Życie Eriki nie było usłane różami. Dziewczyna posiada dar przewidywania przyszłości. Czyta z kart. Często wpada w trans, a wtedy wypowiada słowa niezrozumiałe dla postronnych obserwatorów. To właśnie przez niecodzienny talent oraz chwile „zawieszenia” Erika zwana również Tatiką staje się obiektem drwin. Jedyną osobą, która akceptuje ją w całości jest jej chłopak Sebastian. Jednak okrotny los postanawia zadrwić z Eriki i w tej kwestii. Sebastian wyjeżdża przez co ich kontakt zostaje zerwany.
Umierająca przyjaciółka prosi Erikę o przysługę. Dziewczyna ma zatroszczyć się o jej syna. Jedzie z małym Arturem do Ameryki do kuzyna. Niespodziewa się, że w miasteczku Woodsborrow spotka swoją młodzieńczą miłość. Piętnaście lat to szmat czasu, czy możliwe jest by po takim czasie uczucie, które kiedyś ich łączyło było nadal żywe?
Bastion jest pewny swoich uczuć i tym razem postanawia walczyć o Erikę.
To jest bardzo dobra książka, choć do idealnej zabrakło ociupinkę, ale o tym za chwilę.
Oryginalności tej książce nie można odebrać. Autorka stworzyła historię nietuzinkową, zdecydowanie wyróżniającą się na tle innych romansów.

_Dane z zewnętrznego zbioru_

(* Let $P\subset\mathbb R^2$ be a convex lattice polygon with nonzero area $A(P)$ and $h=\operatorname{ls}_\square(P)$. Then $A(P)\ge\frac12 h$, with equality if and only if $P$ is lattice-equivalent to $\operatorname{conv}\{(0,0),(h,0),(0,1)\}$.
   Context: A lattice polygon is a convex polygon all of whose vertices lie in $\mathbb Z^2$. An affine unimodular transformation is $x\mapsto Ax+v$ with $A\in\mathbb Z^{2\times2}$, $\det A=\pm1$, $v\in\mathbb Z^2$; two sets are lattice-equivalent if one is the image of the other under such a map. With $\square=[0,1]^2$, $\operatorname{ls}_\square(P)$ is the smallest $l\ge0$ such that $\varphi(P)\subseteq l\square$ for some affine unimodular $\varphi$. *)

theory Defs
  imports "HOL-Analysis.Analysis"
begin

definition lattice_point :: "real \<times> real \<Rightarrow> bool" where
  "lattice_point p \<longleftrightarrow> fst p \<in> \<int> \<and> snd p \<in> \<int>"

definition lattice_polygon :: "(real \<times> real) set \<Rightarrow> bool" where
  "lattice_polygon P \<longleftrightarrow> (\<exists>V. finite V \<and> (\<forall>v\<in>V. lattice_point v) \<and> P = convex hull V)"

text \<open>Affine map x \<mapsto> A x + v with A = ((a,b),(c,d)) integral and v = (e,f) integral.\<close>
definition aff_map :: "int \<Rightarrow> int \<Rightarrow> int \<Rightarrow> int \<Rightarrow> int \<Rightarrow> int \<Rightarrow> real \<times> real \<Rightarrow> real \<times> real" where
  "aff_map a b c d e f p =
     (of_int a * fst p + of_int b * snd p + of_int e,
      of_int c * fst p + of_int d * snd p + of_int f)"

definition affine_unimodular :: "(real \<times> real \<Rightarrow> real \<times> real) \<Rightarrow> bool" where
  "affine_unimodular \<phi> \<longleftrightarrow>
     (\<exists>a b c d e f. \<bar>a * d - b * c\<bar> = 1 \<and> \<phi> = aff_map a b c d e f)"

definition lattice_equivalent :: "(real \<times> real) set \<Rightarrow> (real \<times> real) set \<Rightarrow> bool" where
  "lattice_equivalent P Q \<longleftrightarrow> (\<exists>\<phi>. affine_unimodular \<phi> \<and> \<phi> ` P = Q)"

definition scaled_square :: "real \<Rightarrow> (real \<times> real) set" where
  "scaled_square l = {p. 0 \<le> fst p \<and> fst p \<le> l \<and> 0 \<le> snd p \<and> snd p \<le> l}"

definition ls_square :: "(real \<times> real) set \<Rightarrow> real" where
  "ls_square P = Inf {l. 0 \<le> l \<and> (\<exists>\<phi>. affine_unimodular \<phi> \<and> \<phi> ` P \<subseteq> scaled_square l)}"

definition area :: "(real \<times> real) set \<Rightarrow> real" where
  "area P = measure lborel P"

end

theory Submission
  imports Defs
begin

text \<open>
  Let V be the lattice vertices of P and w their lattice width, attained in a primitive direction.
  A unimodular change of coordinates puts V into the strip 0 \<le> y \<le> w with vertices p, q on
  its two boundary lines, and a shear makes the horizontal offset of q from p at most w/2.

  If w = 1, the vertices lie on two adjacent rows. When both rows carry a segment, P fits
  into the square whose side is the longer segment, and the quadrangle spanned by the two
  segments has area exceeding half of it; when one row is a single point, P is a unimodular
  image of conv{(0,0),(l,0),(0,1)}.

  If w \<ge> 2, P fits into the square of side X, the horizontal extent of V (as X \<ge> w).
  The extent G of V normal to pq satisfies 2 w X \<le> 2 G + w^2, and the two triangles over pq
  give area \<ge> G/2 > X/2, except when w = X = G = 2, where a quadrangle over the diagonal
  of the bounding box does the job.

  So either A(P) > l/2 for some l with P inside a lattice copy of l\<box>, or P is lattice-equivalent
  to the triangle of base l, of area l/2; since ls(P) \<le> l, both the inequality and its
  equality case follow.
\<close>

section \<open>Affine maps with integer coefficients\<close>

text \<open>aff_map generalised to any commutative ring, so that one map acts both on the lattice
  and on the plane.\<close>
definition int_aff ::
    "int \<Rightarrow> int \<Rightarrow> int \<Rightarrow> int \<Rightarrow> int \<Rightarrow> int \<Rightarrow> 'a::comm_ring_1 \<times> 'a \<Rightarrow> 'a \<times> 'a" where
  "int_aff a b c d e f p =
     (of_int a * fst p + of_int b * snd p + of_int e, of_int c * fst p + of_int d * snd p + of_int f)"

Czy da się połączyć wątek czytania z kart z wątkiem klubu motocyklowego? Otóż moi drodzy pani Grażyna udowadnia, że się da. Mało tego, połączenie takie okazalo się strzałem w dziesiątkę. Niesamowicie przyjemnie sie to czytało. Jeden malutki minus to akcja. Przyzwyczaiłam się, że w książkach, które zawierają wątek MC dzieje się dużo, a członkowie to mega niegrzeczni chłopcy. W tej kwestii czułam pewien niedosyt. Jednak wieżę, że „Bastion” jest dopiero wstępem do czegoś wielkiego.
Bardzo podoba mi sie podział fabuły na teraźniejszość i wspomnienia, które wyjaśniają jakie wydarzenia ukształtowały naszych bohaterow i doprowadziły ich w miejsce, w ktorym się aktualnie znajdują.
Zarówno Erika jak i Sebastian to bohaterowie, którzy od razu wzbudzają sympatię. Oboje niekochani przez rodziców doznali od nich wielu krzywd. Mimo wszystko mieli na tyle siły, by przetrwać ten ciężki okres i ułożyć sobie życie na nowo. W przypadku Bastiona niekoniecznie zgodnego z prawem. Założony przez niego klub o budzącej strach nazwie "Armia potępionych" początkowo nastawiony był na zdobywanie informacji o konkretnych osobach i odpowiednie ich wykorzystanie. Potem jednak weszli w mroczniejszy nielegalny świat. Moje serce skradł pewien kilkulatek. Artur to rezolutny chłopiec. Odważny i nad podziw dojrzały jak na swój wiek.
Nic na to nie poradzę, ze jestem okładkową sroką, a na widok tej książki oczy się śmieją. Szata graficzna bastiona jest obłędna. Środek ksiazki również was zadowoli. Piękne zdobienia cieszą oko i pozytywnie wpływają na przyjemność czytania. Dodatkowo autorka na wstępie zaprasza nas do pewnej zabawy. Jakiej? Tego kochani nie zdradzę, ale zapewniam, że nic nie jest takie oczywiste jakie wydaje się na pierwszy rzut oka.
Jeżeli szukacie niebanalnej, przepełnionej emocjami historii, która poruszy was i wprawi wasze serca w szybsze bicie to serdecznie polecam "Bastion".
Teraz pozostalo mi czekac na kontynuację. Jestem bardzo ciekawa co też autorka wymyśli i jaki los szykuje dla naszych bohaterów.